### SUPPLIED RECORDS
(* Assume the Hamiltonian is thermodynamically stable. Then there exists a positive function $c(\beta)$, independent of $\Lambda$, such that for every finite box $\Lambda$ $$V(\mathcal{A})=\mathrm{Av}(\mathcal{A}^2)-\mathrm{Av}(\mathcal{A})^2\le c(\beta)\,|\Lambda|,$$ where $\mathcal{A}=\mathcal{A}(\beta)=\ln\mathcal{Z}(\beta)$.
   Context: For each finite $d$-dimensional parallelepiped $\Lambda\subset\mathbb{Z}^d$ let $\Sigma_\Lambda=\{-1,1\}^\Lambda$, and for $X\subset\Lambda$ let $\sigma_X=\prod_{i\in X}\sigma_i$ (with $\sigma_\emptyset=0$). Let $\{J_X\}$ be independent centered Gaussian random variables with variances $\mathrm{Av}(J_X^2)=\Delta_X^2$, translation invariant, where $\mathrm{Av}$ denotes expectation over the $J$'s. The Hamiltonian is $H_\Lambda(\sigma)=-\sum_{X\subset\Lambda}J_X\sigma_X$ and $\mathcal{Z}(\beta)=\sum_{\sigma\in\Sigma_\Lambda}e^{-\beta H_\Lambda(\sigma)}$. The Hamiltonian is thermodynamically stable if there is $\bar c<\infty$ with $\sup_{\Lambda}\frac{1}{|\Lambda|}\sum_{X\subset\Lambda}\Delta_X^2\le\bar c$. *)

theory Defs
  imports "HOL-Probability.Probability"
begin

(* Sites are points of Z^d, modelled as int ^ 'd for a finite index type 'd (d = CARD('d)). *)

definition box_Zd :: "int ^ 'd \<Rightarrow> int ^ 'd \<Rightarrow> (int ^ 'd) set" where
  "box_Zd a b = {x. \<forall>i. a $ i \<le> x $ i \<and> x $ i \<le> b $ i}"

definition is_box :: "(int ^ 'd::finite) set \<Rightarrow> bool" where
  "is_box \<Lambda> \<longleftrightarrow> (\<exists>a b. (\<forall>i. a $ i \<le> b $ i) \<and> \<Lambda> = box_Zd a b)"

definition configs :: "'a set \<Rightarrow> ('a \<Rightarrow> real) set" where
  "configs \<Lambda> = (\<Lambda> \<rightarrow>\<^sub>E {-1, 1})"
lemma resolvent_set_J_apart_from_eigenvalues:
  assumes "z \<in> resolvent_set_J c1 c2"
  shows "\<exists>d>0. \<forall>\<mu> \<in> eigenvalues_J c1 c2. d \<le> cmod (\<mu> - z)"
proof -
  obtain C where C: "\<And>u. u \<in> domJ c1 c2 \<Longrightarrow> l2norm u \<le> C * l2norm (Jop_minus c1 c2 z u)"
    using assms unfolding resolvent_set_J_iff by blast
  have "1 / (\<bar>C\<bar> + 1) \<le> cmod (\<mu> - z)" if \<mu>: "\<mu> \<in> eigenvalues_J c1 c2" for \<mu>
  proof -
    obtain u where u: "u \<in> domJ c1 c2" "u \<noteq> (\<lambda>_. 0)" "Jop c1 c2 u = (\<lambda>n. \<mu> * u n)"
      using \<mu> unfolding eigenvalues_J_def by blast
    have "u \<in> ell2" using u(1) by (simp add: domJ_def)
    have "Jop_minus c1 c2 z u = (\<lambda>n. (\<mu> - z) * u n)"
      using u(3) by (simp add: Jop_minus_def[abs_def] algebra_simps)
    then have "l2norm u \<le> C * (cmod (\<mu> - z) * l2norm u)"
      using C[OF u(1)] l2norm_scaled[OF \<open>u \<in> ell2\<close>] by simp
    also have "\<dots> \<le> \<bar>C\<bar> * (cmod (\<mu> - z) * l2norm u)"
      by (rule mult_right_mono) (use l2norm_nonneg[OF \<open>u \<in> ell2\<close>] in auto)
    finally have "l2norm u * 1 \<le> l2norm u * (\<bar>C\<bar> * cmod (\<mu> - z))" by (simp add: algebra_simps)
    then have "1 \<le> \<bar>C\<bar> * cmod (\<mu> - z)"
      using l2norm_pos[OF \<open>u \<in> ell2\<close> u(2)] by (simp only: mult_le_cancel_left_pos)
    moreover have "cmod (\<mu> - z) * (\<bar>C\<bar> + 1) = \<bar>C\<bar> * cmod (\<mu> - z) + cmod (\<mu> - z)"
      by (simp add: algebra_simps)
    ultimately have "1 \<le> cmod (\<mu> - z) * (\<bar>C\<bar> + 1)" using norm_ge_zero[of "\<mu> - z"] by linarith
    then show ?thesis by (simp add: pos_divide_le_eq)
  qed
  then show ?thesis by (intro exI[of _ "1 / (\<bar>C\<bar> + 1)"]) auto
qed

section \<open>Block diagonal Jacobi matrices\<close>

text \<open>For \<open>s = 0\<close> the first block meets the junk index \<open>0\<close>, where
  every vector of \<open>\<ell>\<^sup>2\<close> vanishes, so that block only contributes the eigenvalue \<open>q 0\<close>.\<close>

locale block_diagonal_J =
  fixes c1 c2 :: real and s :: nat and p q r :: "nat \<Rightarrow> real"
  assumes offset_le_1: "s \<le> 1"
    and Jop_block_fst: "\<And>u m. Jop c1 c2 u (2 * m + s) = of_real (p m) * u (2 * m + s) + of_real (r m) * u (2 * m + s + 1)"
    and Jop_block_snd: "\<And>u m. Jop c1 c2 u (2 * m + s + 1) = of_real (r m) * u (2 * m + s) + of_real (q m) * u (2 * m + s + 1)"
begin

### ASSIGNMENT
Return the final stretch of the listing exactly, starting with the line that contains "using u(3) by" and ending with the last line.

### FINAL ANSWER
      using u(3) by (simp add: Jop_minus_def[abs_def] algebra_simps)
    then have "l2norm u \<le> C * (cmod (\<mu> - z) * l2norm u)"
      using C[OF u(1)] l2norm_scaled[OF \<open>u \<in> ell2\<close>] by simp
    also have "\<dots> \<le> \<bar>C\<bar> * (cmod (\<mu> - z) * l2norm u)"
      by (rule mult_right_mono) (use l2norm_nonneg[OF \<open>u \<in> ell2\<close>] in auto)
    finally have "l2norm u * 1 \<le> l2norm u * (\<bar>C\<bar> * cmod (\<mu> - z))" by (simp add: algebra_simps)
    then have "1 \<le> \<bar>C\<bar> * cmod (\<mu> - z)"
      using l2norm_pos[OF \<open>u \<in> ell2\<close> u(2)] by (simp only: mult_le_cancel_left_pos)
    moreover have "cmod (\<mu> - z) * (\<bar>C\<bar> + 1) = \<bar>C\<bar> * cmod (\<mu> - z) + cmod (\<mu> - z)"
      by (simp add: algebra_simps)
    ultimately have "1 \<le> cmod (\<mu> - z) * (\<bar>C\<bar> + 1)" using norm_ge_zero[of "\<mu> - z"] by linarith
    then show ?thesis by (simp add: pos_divide_le_eq)
  qed
  then show ?thesis by (intro exI[of _ "1 / (\<bar>C\<bar> + 1)"]) auto
qed

section \<open>Block diagonal Jacobi matrices\<close>

text \<open>For \<open>s = 0\<close> the first block meets the junk index \<open>0\<close>, where
  every vector of \<open>\<ell>\<^sup>2\<close> vanishes, so that block only contributes the eigenvalue \<open>q 0\<close>.\<close>

locale block_diagonal_J =
  fixes c1 c2 :: real and s :: nat and p q r :: "nat \<Rightarrow> real"
  assumes offset_le_1: "s \<le> 1"
    and Jop_block_fst: "\<And>u m. Jop c1 c2 u (2 * m + s) = of_real (p m) * u (2 * m + s) + of_real (r m) * u (2 * m + s + 1)"
    and Jop_block_snd: "\<And>u m. Jop c1 c2 u (2 * m + s + 1) = of_real (r m) * u (2 * m + s) + of_real (q m) * u (2 * m + s + 1)"
begin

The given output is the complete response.